Brent crude oil futures, which trade in London and are used as a benchmark to set prices for more than half of the world’s oil, reached a record of US$139.83 a barrel on June 30, 2008, according to data compiled by Bloomberg. By Jan. 13, the price had plunged 67 percent to US$46.59.
The plunging price of oil, coupled with advances in clean energy and conservation, offers politicians around the world the chance to rationalise energy policy. They can get rid of billions of dollars of distorting subsidies, especially for dirty fuels, whilst shifting taxes towards carbon use. A cheaper, greener and more reliable energy future could be within reach. An International Energy Agency report Friday shows the first tentative signs that the strategy may work.
"The oil sell off has cut expectations of 2015 non-OPEC supply growth by 350,000 barrels per day since last month to 950,000 barrels per day," the IEA said. "Effects on North American supply are so far limited to [95,000 barrels per day and 80,000 barrels per day] to the Canadian and U.S. forecasts, respectively."
The impact of cheap oil would ordinarily be higher, the IEA said, but supply growth isn't slowing more quickly in North America because many producers appeared to be well hedged against short-term price drop. 2014 was a record year for oil output for non-OPEC nations, with growth of 1.9 million barrels per day, the IEA said in its report. Two other major oil nations, Colombia and Russia, have also seen their growth output slashed, by 175,000 barrels in the former and 30,000 in the latter. OPEC nations, meanwhile, are actually pumping out more oil, up by 80,000 barrels a day to 30.48 million for the cartel as a whole. The biggest contributor to that increase is Iraq, which is currently pumping out more oil than at any other point in the last 35 years. Now new factors are in play.

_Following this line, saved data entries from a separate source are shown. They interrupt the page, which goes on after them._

lemma proper_interval_iff_model:
  "proper_interval E C \<longleftrightarrow> (\<exists>l r. proper_interval_model E C l r)"
proof -
  have "proper_interval_model E C l r \<longleftrightarrow>
      (\<forall>v\<in>C. l v \<le> r v) \<and>
      (\<forall>u\<in>C. \<forall>v\<in>C. u \<noteq> v \<longrightarrow> (adj E u v \<longleftrightarrow> {l u..r u} \<inter> {l v..r v} \<noteq> {})) \<and>
      (\<forall>u\<in>C. \<forall>v\<in>C. \<not> {l v..r v} \<subset> {l u..r u})" for l r :: "'a \<Rightarrow> real"
  proof (cases "\<forall>v\<in>C. l v \<le> r v")
    case True
    then have "{l u..r u} \<inter> {l v..r v} \<noteq> {} \<longleftrightarrow> l u \<le> r v \<and> l v \<le> r u"
      "\<not> {l v..r v} \<subset> {l u..r u} \<longleftrightarrow> (l u \<le> l v \<and> r v \<le> r u \<longrightarrow> l u = l v \<and> r u = r v)"
      if "u \<in> C" "v \<in> C" for u v
      using that by (auto simp: atLeastatMost_psubset_iff)
    then show ?thesis
      unfolding proper_interval_model_def by simp
  qed (unfold proper_interval_model_def, blast)
  then show ?thesis
    unfolding proper_interval_def by simp
qed

lemma proper_interval_model_mirror:
  "proper_interval_model E C l r \<Longrightarrow> proper_interval_model E C (\<lambda>x. - r x) (\<lambda>x. - l x)"
  unfolding proper_interval_model_def by auto

lemma proper_interval_model_cong:
  assumes "proper_interval_model E C l r" "C' \<subseteq> C"
    and "\<And>u v. u \<in> C' \<Longrightarrow> v \<in> C' \<Longrightarrow> adj E' u v \<longleftrightarrow> adj E u v"
    and "\<And>v. v \<in> C' \<Longrightarrow> l' v = l v \<and> r' v = r v"
  shows "proper_interval_model E' C' l' r'"
  using assms unfolding proper_interval_model_def by (simp add: subset_iff)

lemma proper_interval_subset:
  assumes "proper_interval E C" "C' \<subseteq> C"
    and "\<And>u v. u \<in> C' \<Longrightarrow> v \<in> C' \<Longrightarrow> adj E' u v \<longleftrightarrow> adj E u v"
  shows "proper_interval E' C'"
proof -
  obtain l r where "proper_interval_model E C l r"
    using assms(1) unfolding proper_interval_iff_model by blast
  then have "proper_interval_model E' C' l r"
    by (rule proper_interval_model_cong[OF _ assms(2,3)]) simp_all
  then show ?thesis
    unfolding proper_interval_iff_model by blast
qed

lemma proper_interval_model_Un:
  assumes "proper_interval_model E A l r" "proper_interval_model E B l r"
    and sym: "\<And>u v. adj E u v \<longleftrightarrow> adj E v u"
    and cross: "\<And>a b. a \<in> A \<Longrightarrow> b \<in> B \<Longrightarrow> adj E a b \<longleftrightarrow> l b \<le> r a"
    and left: "\<And>a b. a \<in> A \<Longrightarrow> b \<in> B \<Longrightarrow> l a < l b \<and> r a < r b"
  shows "proper_interval_model E (A \<union> B) l r"
  using assms unfolding proper_interval_model_def
  by (smt (verit, best) Un_iff)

Technological change has broken the power of the Organisation of the Petroleum Exporting Countries (OPEC) to keep the oil price high. Hydraulic fracturing (“fracking”) and horizontal drilling have turned America into a big oil producer, with 4m barrels a day coming from sources which used to be deemed “unconventional”. The boom in producing oil and gas from shale has yet to spread to other countries. America enjoys some big advantages, such as open spaces, accommodating laws, a well-developed supply chain and abundant finance for risky projects. So far it has refrained from exporting its crude oil or natural gas, but exports of liquefied natural gas (LNG) will start this year. Increased trade in LNG will create a more global gas market and greater resilience of supply, undermining Russia’s pipeline monopoly in Europe. America is already exporting lightly refined oil.
Those tentative signs of a rebalancing in the market were a positive for the oil price, which gained 75 cents to $47 US a barrel for the North American benchmark known as West Texas Intermediate or WTI.
In its January report, the IEA said it could see the foundation of a rebound in the oil market some time in the second half of 2015. If and when that happens, it won't be because there is less oil being pumped, but rather because cheap prices will encourage demand as the economy grows because of cheap energy.
"With a few notable exceptions such as the United States, lower prices do not appear to be stimulating demand just yet," the IEA said.
Until that happens, the IEA is expecting low oil prices to persist.
"How low the market's floor will be is anybody's guess. But the sell-off is having an impact," the IEA said. "A price recovery — barring any major disruption — may not be imminent, but signs are mounting that the tide will turn," said the agency.